Big red flags for me:

  • “Guaranteed high return” + “no risk”

  • Heavy pressure to “join now”, FOMO tactics

  • Complicated structures I don’t understand

  • Products that behave more like gambling than investing

This follows the spirit of “don’t lose money” and keeping a margin of safety. Morningstar

Rule 4 – Prefer boring, diversified, and dividend-friendly

From Pak Lo’s stories, I like how much of his wealth comes from dividends of solid companies, not from gambling on the hottest story. Bisnis Market

For my own plan, that translates into:

  • Favouring index funds and broad funds over individual stock bets, especially at the beginning

  • If I pick a few individual stocks, preferring companies with:

    • sustainable profits

    • reasonable valuations

    • a history (or policy) of paying dividends

It doesn’t have to be perfect. Just tilted toward quality + patience instead of drama.

Rule 5 – Let time and consistency do the heavy lifting

Even Buffett talks about continuing to buy regularly and letting compounding work over time. FinanceBuzz

A practical version for me:

  • Decide a small, realistic monthly amount

  • Put it into my chosen fund(s) every month (dollar-cost averaging)

  • Check my whole plan maybe 1–2 times a year, not every day


5. A simple checklist before I say “yes” to any investment

To keep myself grounded, I can run through this quick checklist before buying anything that claims to be an “investment”:

  1. Which layer is this from?

    • If it’s emergency money → stop.

  2. Do I understand how it works?

    • If I can’t explain it in simple language → pause and study.
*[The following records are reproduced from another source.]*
(* Let $f:\mathbb{R}^d\to\mathbb{R}$ be convex and $L$-smooth ($L>0$), and suppose $f$ has at least one minimizer; let $\mathbf{x}^\star$ be any minimizer of $f$. Let $(\sigma_n)_{n\ge 1}$ be a sequence of positive real numbers, let $\mathbf{x}_0\in\mathbb{R}^d$, let $0<t\le \frac1L$, and define the GSmoothGD iterates $$\mathbf{x}_{k+1}=\mathbf{x}_k-t\,\nabla f_{\sigma_{k+1}}(\mathbf{x}_k),\qquad k\ge 0.$$ Then for every $k\ge 1$, $$f(\mathbf{x}_k)-f(\mathbf{x}^\star)\le \frac{\|\mathbf{x}_0-\mathbf{x}^\star\|^2}{2tk}+\frac{Ld}{4k}\left(\sum_{i=1}^{k}\sigma_i^2+\sum_{i=2}^{k} i\,\max\big(0,\sigma_i^2-\sigma_{i-1}^2\big)\right).$$
   Context: For a measurable $f:\mathbb{R}^d\to\mathbb{R}$ and $\sigma>0$, the Gaussian smoothing of $f$ with radius $\sigma$ is $f_\sigma(\mathbf{x})=\pi^{-d/2}\int_{\mathbb{R}^d} f(\mathbf{x}+\sigma\mathbf{u})\,e^{-\|\mathbf{u}\|_2^2}\,d\mathbf{u}$ (equivalently $\mathbb{E}_{\mathbf{u}\sim\mathcal N(0,I_d)}[f(\mathbf{x}+\sigma\sqrt2\,\mathbf{u})]$), and $f_0=f$. A function is $L$-smooth if it is differentiable and its gradient is $L$-Lipschitz in the Euclidean norm. *)

theory Defs
  imports "HOL-Analysis.Analysis"
begin

definition gauss_smooth :: "('a::euclidean_space \<Rightarrow> real) \<Rightarrow> real \<Rightarrow> 'a \<Rightarrow> real" where
  "gauss_smooth f \<sigma> x =
     (if \<sigma> = 0 then f x
      else pi powr (- real DIM('a) / 2) *
           (\<integral>u. f (x + \<sigma> *\<^sub>R u) * exp (- (norm u)\<^sup>2) \<partial>lborel))"

definition grad :: "('a::euclidean_space \<Rightarrow> real) \<Rightarrow> 'a \<Rightarrow> 'a" where
  "grad F x = (SOME g. (F has_derivative (\<lambda>h. g \<bullet> h)) (at x))"

definition L_smooth :: "real \<Rightarrow> ('a::euclidean_space \<Rightarrow> real) \<Rightarrow> bool" where
  "L_smooth L f \<longleftrightarrow> (\<forall>x. f differentiable (at x)) \<and>
     (\<forall>x y. norm (grad f x - grad f y) \<le> L * norm (x - y))"

end

theory Submission
  imports Defs "HOL-Probability.Probability"
begin

text \<open>The smoothed function f_\<sigma>(x) = E f(x + \<sigma>u), with u normal, is again convex and L-smooth,
  its gradient is E \<nabla>f(x + \<sigma>u), and f \<le> f_\<sigma> \<le> f + Ld\<sigma>\<twosuperior>/4. Expanding f(x + h + \<tau>u) to first
  order around x + \<sigma>u, in the centre and in the radius simultaneously, moreover gives
  f_\<tau> \<le> f_\<sigma> + Ld/4 max(0, \<tau>\<twosuperior> - \<sigma>\<twosuperior>). GSmoothGD is therefore plain gradient descent on a slowly
  changing objective: every step decreases the current objective and satisfies the usual
  distance inequality, and each increase of the radius is paid for once for every later
  iterate, which produces the weights i.\<close>

section \<open>Gradients and convex functions with Lipschitz gradient\<close>

lemma linear_functional_eq_inner:
  fixes l :: "'a::euclidean_space \<Rightarrow> real"
  assumes "linear l"
  shows "l = (\<lambda>h. adjoint l 1 \<bullet> h)"
  using adjoint_works[OF assms, of _ 1] by (auto simp: inner_commute)

lemma grad_has_derivative:
  fixes F :: "'a::euclidean_space \<Rightarrow> real"
  assumes "F differentiable (at x)"
  shows "(F has_derivative (\<lambda>h. grad F x \<bullet> h)) (at x)"
proof -
  obtain l where l: "(F has_derivative l) (at x)"
    using assms differentiable_def by blast
  then have "(F has_derivative (\<lambda>h. adjoint l 1 \<bullet> h)) (at x)"
    using linear_functional_eq_inner[OF has_derivative_linear] by metis
  then show ?thesis
    unfolding grad_def by (rule someI)
qed

lemma grad_eqI:
  fixes F :: "'a::euclidean_space \<Rightarrow> real"
  assumes "(F has_derivative (\<lambda>h. v \<bullet> h)) (at x)"
  shows "grad F x = v"
proof -
  have "(F has_derivative (\<lambda>h. grad F x \<bullet> h)) (at x)"
    using assms grad_has_derivative differentiableI by blast
  then have "(\<lambda>h. grad F x \<bullet> h) = (\<lambda>h. v \<bullet> h)"
    using has_derivative_unique assms by blast
  then have "(grad F x - v) \<bullet> (grad F x - v) = 0"
    by (metis inner_diff_left diff_self)
  then show ?thesis by simp
qed

lemma has_derivative_of_quadratic_sandwich:
  fixes g :: "'a::real_inner \<Rightarrow> real"
  assumes lower: "\<And>h. g x + G \<bullet> h \<le> g (x + h)"
    and upper: "\<And>h. g (x + h) \<le> g x + G \<bullet> h + L / 2 * (norm h)\<^sup>2"
  shows "(g has_derivative (\<lambda>h. G \<bullet> h)) (at x)"
  unfolding has_derivative_at'
proof (intro conjI allI impI bounded_linear_inner_right)
  fix e :: real assume "0 < e"
  define d where "d = e / (\<bar>L\<bar> / 2 + 1)"
  have "0 < d" using \<open>0 < e\<close> by (simp add: d_def add_pos_nonneg)
  moreover have "norm (g y - g x - G \<bullet> (y - x)) / norm (y - x) < e"
    if y: "0 < norm (y - x)" "norm (y - x) < d" for y
  proof -
    define h where "h = y - x"
    have "L / 2 * (norm h)\<^sup>2 \<le> \<bar>L\<bar> / 2 * (norm h)\<^sup>2"
      by (intro mult_right_mono) auto
    then have "\<bar>g (x + h) - g x - G \<bullet> h\<bar> \<le> \<bar>L\<bar> / 2 * (norm h)\<^sup>2"
      unfolding abs_le_iff using lower[of h] upper[of h] by linarith
    then have "\<bar>g (x + h) - g x - G \<bullet> h\<bar> / norm h \<le> \<bar>L\<bar> / 2 * norm h"
      using y by (simp add: h_def divide_le_eq power2_eq_square mult_ac)
    also have "\<dots> \<le> \<bar>L\<bar> / 2 * d"
      using y by (intro mult_left_mono) (auto simp: h_def)
    also have "\<dots> < (\<bar>L\<bar> / 2 + 1) * d"
      using \<open>0 < d\<close> by (simp add: distrib_right)
    also have "\<dots> = e" by (simp add: d_def)
    finally show ?thesis by (simp add: h_def)
  qed
  ultimately show "\<exists>d>0. \<forall>y. 0 < norm (y - x) \<and> norm (y - x) < d \<longrightarrow>
          norm (g y - g x - G \<bullet> (y - x)) / norm (y - x) < e"
    by blast
qed

lemma has_derivative_along_line:
  fixes f :: "'a::real_inner \<Rightarrow> real"
  assumes "\<And>x. (f has_derivative (\<lambda>h. D x \<bullet> h)) (at x)"
  shows "((\<lambda>s. f (x + s *\<^sub>R h)) has_real_derivative (D (x + s *\<^sub>R h) \<bullet> h)) (at s within S)"
proof -
  have "((\<lambda>s. x + s *\<^sub>R h) has_derivative (\<lambda>s. s *\<^sub>R h)) (at s within S)"
    by (intro derivative_eq_intros) auto
  from has_derivative_compose[OF this assms]
  have "((\<lambda>s. f (x + s *\<^sub>R h)) has_derivative (\<lambda>r. D (x + s *\<^sub>R h) \<bullet> (r *\<^sub>R h))) (at s within S)"
    by (simp add: o_def)
  moreover have "(\<lambda>r. D (x + s *\<^sub>R h) \<bullet> (r *\<^sub>R h)) = (*) (D (x + s *\<^sub>R h) \<bullet> h)"
    by (auto simp: fun_eq_iff)
  ultimately show ?thesis
    by (simp add: has_field_derivative_def)
qed

lemma convex_on_gradient_inequality:
  fixes f :: "'a::real_inner \<Rightarrow> real"
  assumes conv: "convex_on UNIV f"
    and der: "\<And>x. (f has_derivative (\<lambda>h. D x \<bullet> h)) (at x)"
  shows "f x + D x \<bullet> (y - x) \<le> f y"
proof -
  define h where "h = y - x"
  define \<phi> where "\<phi> s = f (x + s *\<^sub>R h)" for s
  have "(\<phi> has_real_derivative (D x \<bullet> h)) (at 0 within {0<..})"
    using has_derivative_along_line[OF der, of x h 0] unfolding \<phi>_def by simp
  then have "((\<lambda>s. (\<phi> s - \<phi> 0) / (s - 0)) \<longlongrightarrow> D x \<bullet> h) (at_right 0)"
    using has_field_derivative_iff by blast
  moreover have "eventually (\<lambda>s. (\<phi> s - \<phi> 0) / (s - 0) \<le> f y - f x) (at_right 0)"
    using eventually_at_right_real[OF zero_less_one]
  proof eventually_elim
    case (elim s)
    have "x + s *\<^sub>R h = (1 - s) *\<^sub>R x + s *\<^sub>R y"
      by (simp add: h_def algebra_simps)
    then have "\<phi> s \<le> (1 - s) * f x + s * f y"
      using convex_onD[OF conv, of s x y] elim unfolding \<phi>_def by simp
    then have "\<phi> s - \<phi> 0 \<le> s * (f y - f x)"
      by (simp add: \<phi>_def algebra_simps)
    then show ?case
      using elim by (simp add: divide_le_eq mult.commute)
  qed
  ultimately have "D x \<bullet> h \<le> f y - f x"
    by (rule tendsto_upperbound) simp
  then show ?thesis by (simp add: h_def)
qed

lemma convex_on_gradient_monotone:
  fixes f :: "'a::real_inner \<Rightarrow> real"
  assumes "convex_on UNIV f"
    and "\<And>x. (f has_derivative (\<lambda>h. D x \<bullet> h)) (at x)"
  shows "0 \<le> (D x - D y) \<bullet> (x - y)"
  using convex_on_gradient_inequality[OF assms, of x y] convex_on_gradient_inequality[OF assms, of y x]
  by (simp add: inner_diff_left inner_diff_right inner_commute)

lemma lipschitz_gradient_quadratic_upper_bound:
  fixes f :: "'a::real_inner \<Rightarrow> real"
  assumes der: "\<And>x. (f has_derivative (\<lambda>h. D x \<bullet> h)) (at x)"
    and lip: "\<And>x y. norm (D x - D y) \<le> L * norm (x - y)"
  shows "f y \<le> f x + D x \<bullet> (y - x) + L / 2 * (norm (y - x))\<^sup>2"
proof -
  define h where "h = y - x"
  define \<psi> where "\<psi> s = f (x + s *\<^sub>R h) - s * (D x \<bullet> h) - L / 2 * s\<^sup>2 * (norm h)\<^sup>2" for s
  have "\<psi> 1 \<le> \<psi> 0"
  proof (rule DERIV_nonpos_imp_nonincreasing[of 0 1])
    fix s :: real assume s: "0 \<le> s" "s \<le> 1"
    let ?\<psi>' = "D (x + s *\<^sub>R h) \<bullet> h - D x \<bullet> h - L * s * (norm h)\<^sup>2"
    have "(\<psi> has_real_derivative ?\<psi>') (at s)"
      unfolding \<psi>_def[abs_def]
      by (rule has_derivative_along_line[OF der] derivative_eq_intros refl | simp)+
    moreover have "?\<psi>' \<le> 0"
    proof -
      have "D (x + s *\<^sub>R h) \<bullet> h - D x \<bullet> h \<le> norm (D (x + s *\<^sub>R h) - D x) * norm h"
        by (metis inner_diff_left norm_cauchy_schwarz)
      also have "\<dots> \<le> L * norm (s *\<^sub>R h) * norm h"
        using lip[of "x + s *\<^sub>R h" x] by (intro mult_right_mono) auto
      also have "\<dots> = L * s * (norm h)\<^sup>2"
        using s by (simp add: power2_eq_square)
      finally show ?thesis by simp
    qed
    ultimately show "\<exists>y. (\<psi> has_real_derivative y) (at s) \<and> y \<le> 0" by blast
  qed simp
  then show ?thesis by (simp add: \<psi>_def h_def)
qed

lemma gradient_step_bounds:
  fixes g :: "'a::real_inner \<Rightarrow> real"
  assumes lower: "\<And>h. g y + G \<bullet> h \<le> g (y + h)"
    and upper: "\<And>h. g (y + h) \<le> g y + G \<bullet> h + L / 2 * (norm h)\<^sup>2"
    and "0 < t" "L * t \<le> 1"
  shows "g (y - t *\<^sub>R G) \<le> g y - t / 2 * (norm G)\<^sup>2"
    and "g (y - t *\<^sub>R G) \<le> g z + ((norm (y - z))\<^sup>2 - (norm (y - t *\<^sub>R G - z))\<^sup>2) / (2 * t)"
proof -
  have "L / 2 * (norm (t *\<^sub>R G))\<^sup>2 = (L * t) * (t / 2 * (norm G)\<^sup>2)"
    using \<open>0 < t\<close> by (simp add: power2_eq_square)
  also have "\<dots> \<le> t / 2 * (norm G)\<^sup>2"
    using \<open>L * t \<le> 1\<close> \<open>0 < t\<close> mult_right_mono[of "L * t" 1 "t / 2 * (norm G)\<^sup>2"] by simp
  finally have "L / 2 * (norm (t *\<^sub>R G))\<^sup>2 \<le> t / 2 * (norm G)\<^sup>2" .
  moreover have "G \<bullet> (t *\<^sub>R G) = t * (norm G)\<^sup>2"
    by (simp add: power2_norm_eq_inner)
  moreover have "g (y - t *\<^sub>R G) \<le> g y - G \<bullet> (t *\<^sub>R G) + L / 2 * (norm (t *\<^sub>R G))\<^sup>2"
    using upper[of "- (t *\<^sub>R G)"] by simp
  ultimately show descent: "g (y - t *\<^sub>R G) \<le> g y - t / 2 * (norm G)\<^sup>2"
    by linarith
  have "(norm (y - t *\<^sub>R G - z))\<^sup>2 = (norm (y - z))\<^sup>2 - 2 * t * (G \<bullet> (y - z)) + t\<^sup>2 * (norm G)\<^sup>2"
    unfolding power2_norm_eq_inner
    by (simp add: inner_diff_right inner_commute power2_eq_square algebra_simps)
  then have "((norm (y - z))\<^sup>2 - (norm (y - t *\<^sub>R G - z))\<^sup>2) / (2 * t) = G \<bullet> (y - z) - t / 2 * (norm G)\<^sup>2"
    using \<open>0 < t\<close> by (simp add: field_simps power2_eq_square)
  then show "g (y - t *\<^sub>R G) \<le> g z + ((norm (y - z))\<^sup>2 - (norm (y - t *\<^sub>R G - z))\<^sup>2) / (2 * t)"
    using descent lower[of "z - y"] by (simp add: inner_diff_right)
qed

section \<open>The Gaussian measure\<close>

lemma nn_integral_exp_neg_square: "(\<integral>\<^sup>+y. ennreal (exp (- y\<^sup>2)) \<partial>lborel) = ennreal (sqrt pi)"
proof -
  have "has_bochner_integral lborel (\<lambda>y::real. exp (- y\<^sup>2) * y ^ (2 * 0)) (sqrt pi * (fact (2 * 0) / (2 ^ (2 * 0) * fact 0)))"
    using has_bochner_integral_even_function[OF gaussian_moment_even_pos[where k = 0]] by simp
  then show ?thesis
    by (simp add: nn_integral_eq_integral has_bochner_integral_iff)
qed

lemma nn_integral_exp_neg_square_mult_square:
  "(\<integral>\<^sup>+y. ennreal (exp (- y\<^sup>2) * y\<^sup>2) \<partial>lborel) = ennreal (sqrt pi / 2)"
proof -
  have "has_bochner_integral lborel (\<lambda>y::real. exp (- y\<^sup>2) * y ^ (2 * 1)) (sqrt pi * (fact (2 * 1) / (2 ^ (2 * 1) * fact 1)))"
    using has_bochner_integral_even_function[OF gaussian_moment_even_pos[where k = 1]] by simp
  then show ?thesis
    by (simp add: nn_integral_eq_integral has_bochner_integral_iff)
qed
  3. What is the worst-case scenario?

    • Could I handle a 30–50% drop emotionally and practically?

  4. Is there real value underneath, or just a story?

    • For example: real business, real cash flow, real assets.
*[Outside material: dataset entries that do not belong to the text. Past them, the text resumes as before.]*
(*
  On the support of Psi_s with s >= p >= 1 the divisor satisfies
  |omega.nu| < alpha_(m_p - 1) / 2. By definition of alpha, the momentum of every line of scale
  >= p, and every non-zero difference of two such momenta, therefore has l1-norm at least
  E = 2^m_p / 2.

  The line e entering T has scale > n (clusters are maximal). Mark e and
  the lines of T of scale >= p. Each marked line L of T owns a region: the nodes whose path to
  the root meets L first among the marked lines. Regions are disjoint and the marked lines
  entering them (their feeders) are distinct and miss the topmost marked line, so at least half
  of the lines of scale >= p have at most one feeder. For such L the modes of the region sum to
  nu_L or to nu_L - nu_x, and the latter is non-zero since otherwise the region would be a
  self-energy cluster strictly inside T. Summing over the disjoint regions, N_p(T) E <= 2 K(T).
*)

subsection \<open>Paths towards the root\<close>

lemma up_0 [simp]: "up par 0 w = Some w"
  by (simp add: up_def)

lemma up_Suc: "up par (Suc k) w = Option.bind (up par k w) par"
  by (simp add: up_def)

lemma up_Suc': "up par (Suc k) w = (case par w of None \<Rightarrow> None | Some u \<Rightarrow> up par k u)"
proof (induction k arbitrary: w)
  case 0 then show ?case by (simp add: up_def split: option.splits)
next
  case (Suc k) then show ?case by (simp add: up_Suc split: option.splits)
qed

lemma up_add: "up par (a + b) w = Option.bind (up par a w) (up par b)"
proof (induction b)
  case 0 then show ?case by (cases "up par a w") auto
next
  case (Suc b) then show ?case by (cases "up par a w") (auto simp: up_Suc)
qed

lemma up_diff: "up par a w = Some x \<Longrightarrow> a \<le> b \<Longrightarrow> up par (b - a) x = up par b w"
  using up_add[of par a "b - a" w] by simp

lemma up_cycle: assumes "up par d z = Some z" shows "up par (j * d) z = Some z"
proof (induction j)
  case (Suc j) then show ?case using up_add[of par d "j * d" z] assms by (simp add: add.commute)
qed simp

text \<open>In a tree the path from a node to the root never revisits a node,
  so the number of steps between two nodes on it is unique.\<close>
lemma up_steps_unique:
  assumes tree: "is_tree V par" and "w \<in> V" "up par a w = Some z" "up par b w = Some z"
  shows "a = b"
proof -
  have False if ab: "a < b" "up par a w = Some z" "up par b w = Some z" for a b
  proof -
    obtain K where K: "up par K w = None" using tree \<open>w \<in> V\<close> unfolding is_tree_def by blast
    define d where "d = b - a"
    have "up par d z = Some z" using up_diff[OF ab(2)] ab by (simp add: d_def)
    then have "up par (a + K * d) w = Some z" using up_add[of par a "K * d" w] ab up_cycle by simp
    moreover have "K \<le> a + K * d"
    proof -
      have "K * 1 \<le> K * d" using ab by (intro mult_le_mono2) (simp add: d_def)
      then show ?thesis by (metis mult_1_right trans_le_add2)
    qed
    ultimately show False using K up_add[of par K "a + K * d - K" w] by simp
  qed
  then show ?thesis using assms(3,4) by (metis linorder_neq_iff)
qed

lemma up_Suc_not_self:
  assumes "is_tree V par" "w \<in> V" shows "up par (Suc k) w \<noteq> Some w"
  using up_steps_unique[OF assms _ up_0] by blast

lemma adj_symp: "symp (adj par S)"
  unfolding adj_def symp_def by blast

lemma adj_rtranclp_sym: "(adj par S)\<^sup>*\<^sup>* a b \<Longrightarrow> (adj par S)\<^sup>*\<^sup>* b a"
  using sympD[OF symp_rtranclp[OF adj_symp]] .

lemma connected_subI:
  assumes "h \<in> S" "\<And>a. a \<in> S \<Longrightarrow> (adj par S)\<^sup>*\<^sup>* a h"
  shows "connected_sub par S"
  unfolding connected_sub_def using assms adj_rtranclp_sym by (meson empty_iff rtranclp_trans)

lemma rtranclp_crossing:
  assumes "r\<^sup>*\<^sup>* a b" "a \<in> A" "b \<notin> A" shows "\<exists>x y. r x y \<and> x \<in> A \<and> y \<notin> A"
  using assms
proof (induction rule: rtranclp_induct)
  case (step y z) then show ?case by (cases "y \<in> A") auto
qed simp

lemma connected_sub_insert:
  assumes "connected_sub par T" "u \<in> T" "par e = Some u"
  shows "connected_sub par (insert e T)"
proof (rule connected_subI)
  let ?S = "insert e T"
  have mono: "(adj par T)\<^sup>*\<^sup>* a b \<Longrightarrow> (adj par ?S)\<^sup>*\<^sup>* a b" for a b
    by (rule rtranclp_mono[THEN predicate2D, rotated]) (auto simp: adj_def)
  fix a assume "a \<in> ?S"
  then show "(adj par ?S)\<^sup>*\<^sup>* a u"
  proof
    assume "a = e"
    then show ?thesis using assms(2,3) by (auto simp: adj_def)
  next
    assume "a \<in> T"
    then show ?thesis using assms(1,2) mono unfolding connected_sub_def by blast
  qed
qed (use assms(2) in blast)

lemma norm1_nonneg: "0 \<le> norm1 v"
  unfolding norm1_def by (simp add: sum_nonneg)

lemma abs_component_le_norm1: "\<bar>v $ i\<bar> \<le> norm1 v"
  unfolding norm1_def by (rule member_le_sum) auto

lemma norm1_ge_1: assumes "v \<noteq> 0" shows "1 \<le> norm1 v"
proof -
  obtain i where "v $ i \<noteq> 0" using assms by (auto simp: vec_eq_iff)
  then show ?thesis using abs_component_le_norm1[of v i] by linarith
qed

lemma norm1_sum_le: "norm1 (sum f S) \<le> (\<Sum>w\<in>S. norm1 (f w))"
proof -
  have "norm1 (sum f S) = (\<Sum>i\<in>UNIV. \<bar>\<Sum>w\<in>S. f w $ i\<bar>)" unfolding norm1_def by simp
  also have "\<dots> \<le> (\<Sum>i\<in>UNIV. \<Sum>w\<in>S. \<bar>f w $ i\<bar>)" by (intro sum_mono sum_abs)
  also have "\<dots> = (\<Sum>w\<in>S. norm1 (f w))" unfolding norm1_def by (rule sum.swap)
  finally show ?thesis .
qed

lemma finite_norm1_le: "finite {v :: int^'d. norm1 v \<le> B}"
proof (rule finite_subset)
  show "{v :: int^'d. norm1 v \<le> B} \<subseteq> vec_lambda ` (PiE UNIV (\<lambda>_. {-B..B}))"
  proof
    fix v :: "int^'d" assume "v \<in> {v. norm1 v \<le> B}"
    then have "\<bar>v $ i\<bar> \<le> B" for i using abs_component_le_norm1[of v] by (meson mem_Collect_eq order_trans)
    then have "v $ i \<in> {-B..B}" for i by (meson abs_le_D1 abs_le_D2 atLeastAtMost_iff minus_le_iff)
    then have "(\<lambda>i. v $ i) \<in> PiE UNIV (\<lambda>_. {-B..B})" by (auto simp: PiE_iff)
    then show "v \<in> vec_lambda ` (PiE UNIV (\<lambda>_. {-B..B}))" by (metis image_eqI vec_lambda_eta)
  qed
qed (intro finite_imageI finite_PiE; simp)

lemma norm1_axis: "norm1 (axis i c) = \<bar>c\<bar>"
  unfolding norm1_def axis_def by (simp add: if_distrib[of abs] cong: if_cong)

lemma dotp_axis: "dotp \<omega> (axis i c) = \<omega> $ i * real_of_int c"
  unfolding dotp_def axis_def by (simp add: if_distrib[of real_of_int] if_distrib[of "(*) _"] cong: if_cong)

lemma dotp_diff: "dotp \<omega> (a - b) = dotp \<omega> a - dotp \<omega> b"
  unfolding dotp_def by (simp add: algebra_simps sum_subtractf)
  5. What are the fees, taxes, and conditions?

    • Is there a lock-up? High management fee? Penalties for early withdrawal?

  6. Am I doing this because of FOMO?

    • If yes, probably not a good reason.

  7. Does this match my 10-year map?

    • Or is it a random side bet that doesn’t fit my plan?

If something cannot pass this checklist calmly, it probably doesn’t fit the slow, steady, Buffett-plus-Pak-Lo style I want.


6. Closing: a slow map is still a map

After writing this mini-series, my own picture of “investing” feels much calmer:

  • Savings / emergency fund protect my today

  • Deposits protect my near future

  • Bonds and stocks (often through funds) help grow my far future

I don’t need to become a professional trader or a genius stock picker.
I just need:

  • a clear structure,

  • a realistic time horizon,

  • and behaviour rules I can actually follow.

Some months, I may only top up savings.
Some months, a bit goes to deposits.
Some months, a small, automatic amount flows into index funds.

On the outside, it may look slow and boring.
But on the inside, it’s me quietly building a life with more stability, clarity, and choice.

And that, for me, is already a good definition of “long-term growth”.